After hearing of the death threats, the committee placed Coronell at Stanford as a senior research fellow with the John S. Knight Fellowships for Professional Journalists, which lasts one academic year. By the time it was Coronell's turn to tell the tale of his journalistic past at a dinner for fellows in late April, that program was almost over.

"There wasn't a dry eye among anybody there," said Wolf, who said he reasoned that if, like Coronell, he and the other fellows were on the side "of the people who tell the truth," they were obligated to act.

In the months that followed, letters and e-mails flew. One Stanford fellow persuaded Sen. Christopher Dodd (D-Conn.) to write on Coronell's behalf to the Colombian Embassy, expressing concern for his safety. Colleagues referred Coronell to a UC Berkeley journalism professor, who hastily arranged a dinner meeting with Harley Shaiken, chairman of the university's Center for Latin American Studies.

"You can't protect free ideas if you have no concern with the people who state those ideas," said Shaiken, who said he attended the meeting with Coronell as a courtesy but instantly was moved to help. "I made a decision at the table. We were going to make this happen, whatever it took."

Shaiken secured $30,000 from George Soros' Open Society Institute. Meanwhile, other Knight fellows solicited $20,000 from the Scholar Rescue Fund, a project of the New York-based Institute of International Education. The institute began shuttling scholars to safety during Russia's Bolshevik Revolution and has placed 103 threatened academics around the world since it formally created the fund in 2002.

Though the fund has a backlog of 1,000 applicants seeking placement, Coronell -- who in Colombia is also a professor of undergraduate and graduate journalism -- faced an imminent threat.

"It was among the most compelling," Allan Goodman, president of the Institute of International Education, said of Coronell's case.

As his wife gave birth to a boy in August, Coronell's former Stanford colleagues scrambled to find the family a rental home in the East Bay hills. They furnished it mostly with their hand-me-downs, a grateful Coronell said recently, limping from room to room to show a visitor. (The one piece of decor they did not provide -- a table -- recently fractured the accident-prone Coronell's toe as he struggled to assemble it.)

Raquel, now nearly 8, has expanded her former four-word English vocabulary of "thank you, please, bye" to a nearly accentless chatter. On a recent evening, she proudly flew through the pages of E.B. White's "Charlotte's Web."

Coronell still writes a hard-hitting column for the Colombian weekly Semana, noting in one recent offering that paramilitary strongholds coincide with an aerial map of the country's illicit cocaine production zones.

He is researching his first book and will begin lecturing next semester, though the Center for Latin American Studies still must raise about $20,000 more to support him.

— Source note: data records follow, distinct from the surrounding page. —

text \<open>A maximiser of the Rayleigh quotient on the unit sphere of an invariant subspace is an
  eigenvector: the quadratic form stays below \<open>\<mu> |y|\<^sup>2\<close> along every line
  \<open>v + t w\<close> in the subspace, which forces the linear term \<open>w \<bullet> (A v - \<mu> v)\<close> to vanish.\<close>
lemma symmetric_matrix_eigenvector_in_subspace:
  fixes A :: "real^'n^'n"
  assumes sym: "transpose A = A" and U: "subspace U" and inv: "\<forall>x\<in>U. A *v x \<in> U"
    and nontriv: "x \<in> U" "x \<noteq> 0"
  obtains v \<mu> where "v \<in> U" "norm v = 1" "A *v v = \<mu> *\<^sub>R v"
proof -
  define S where "S = sphere 0 1 \<inter> U"
  have "compact S" unfolding S_def by (simp add: closed_subspace compact_Int_closed U)
  moreover have "(1 / norm x) *\<^sub>R x \<in> S" unfolding S_def using nontriv U by (simp add: subspace_scale)
  hence "S \<noteq> {}" by auto
  moreover have "continuous_on S (\<lambda>y. y \<bullet> (A *v y))"
    by (intro continuous_on_inner continuous_on_id linear_continuous_on matrix_vector_mul_bounded_linear)
  ultimately obtain v where v: "v \<in> S" and vmax: "\<And>y. y \<in> S \<Longrightarrow> y \<bullet> (A *v y) \<le> v \<bullet> (A *v v)"
    by (metis continuous_attains_sup)
  define \<mu> where "\<mu> = v \<bullet> (A *v v)"
  have vU: "v \<in> U" and vn: "norm v = 1" using v unfolding S_def by auto
  have vv: "v \<bullet> v = 1" using vn by (simp add: norm_eq_1)
  have bound: "y \<bullet> (A *v y) \<le> \<mu> * (y \<bullet> y)" if "y \<in> U" for y
  proof (cases "y = 0")
    case False
    let ?z = "(1 / norm y) *\<^sub>R y"
    have "?z \<in> S" unfolding S_def using that False U by (simp add: subspace_scale)
    hence "?z \<bullet> (A *v ?z) \<le> \<mu>" using vmax unfolding \<mu>_def by blast
    hence "(y \<bullet> (A *v y)) / (norm y)^2 \<le> \<mu>"
      by (simp add: matrix_scaleR_vector_ac scaleR_matrix_vector_assoc[symmetric] power2_eq_square)
    with False show ?thesis by (simp add: divide_le_eq power2_norm_eq_inner)
  qed simp
  define z where "z = A *v v - \<mu> *\<^sub>R v"
  have "w \<bullet> z = 0" if wU: "w \<in> U" for w
  proof (rule linear_le_quadratic_imp_zero)
    show "0 \<le> \<mu> * (w \<bullet> w) - w \<bullet> (A *v w)" using bound[OF wU] by simp
    fix t
    have Avw: "v \<bullet> (A *v w) = w \<bullet> (A *v v)"
      using symmetric_matrix_inner_commute[OF sym, of v w] by (simp add: inner_commute)
    have "A *v (v + t *\<^sub>R w) = A *v v + t *\<^sub>R (A *v w)"
      by (simp add: matrix_vector_right_distrib matrix_scaleR_vector_ac scaleR_matrix_vector_assoc)
    hence quad: "(v + t *\<^sub>R w) \<bullet> (A *v (v + t *\<^sub>R w))
        = \<mu> + 2 * t * (w \<bullet> (A *v v)) + t^2 * (w \<bullet> (A *v w))"
      using Avw unfolding \<mu>_def
      by (simp add: inner_add_left inner_add_right power2_eq_square inner_commute[of "A *v v" w] distrib_left)
    have norm: "(v + t *\<^sub>R w) \<bullet> (v + t *\<^sub>R w) = 1 + 2 * t * (v \<bullet> w) + t^2 * (w \<bullet> w)"
      using vv by (simp add: inner_add_left inner_add_right power2_eq_square inner_commute[of w v] distrib_left)
    have "v + t *\<^sub>R w \<in> U" using vU wU U by (simp add: subspace_add subspace_scale)
    from bound[OF this] show "2 * t * (w \<bullet> z) \<le> t^2 * (\<mu> * (w \<bullet> w) - w \<bullet> (A *v w))"
      unfolding quad norm z_def by (simp add: inner_diff_right inner_commute[of w v] algebra_simps)
  qed
  moreover have "z \<in> U" unfolding z_def using vU U inv by (simp add: subspace_diff subspace_scale)
  ultimately have "A *v v = \<mu> *\<^sub>R v" unfolding z_def by (metis inner_eq_zero_iff eq_iff_diff_eq_0)
  with vU vn show ?thesis by (rule that)
qed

By next year, Coronell hopes, political conditions will have improved sufficiently for his family's return. Speaking out, he added, is also crucial.

"In the place where I am in danger, everyone knows me," Coronell said, leaning on his cane in the quiet night and puffing a cigarette. "I think the visibility is a shield, against everything that has happened -- and anything that might happen."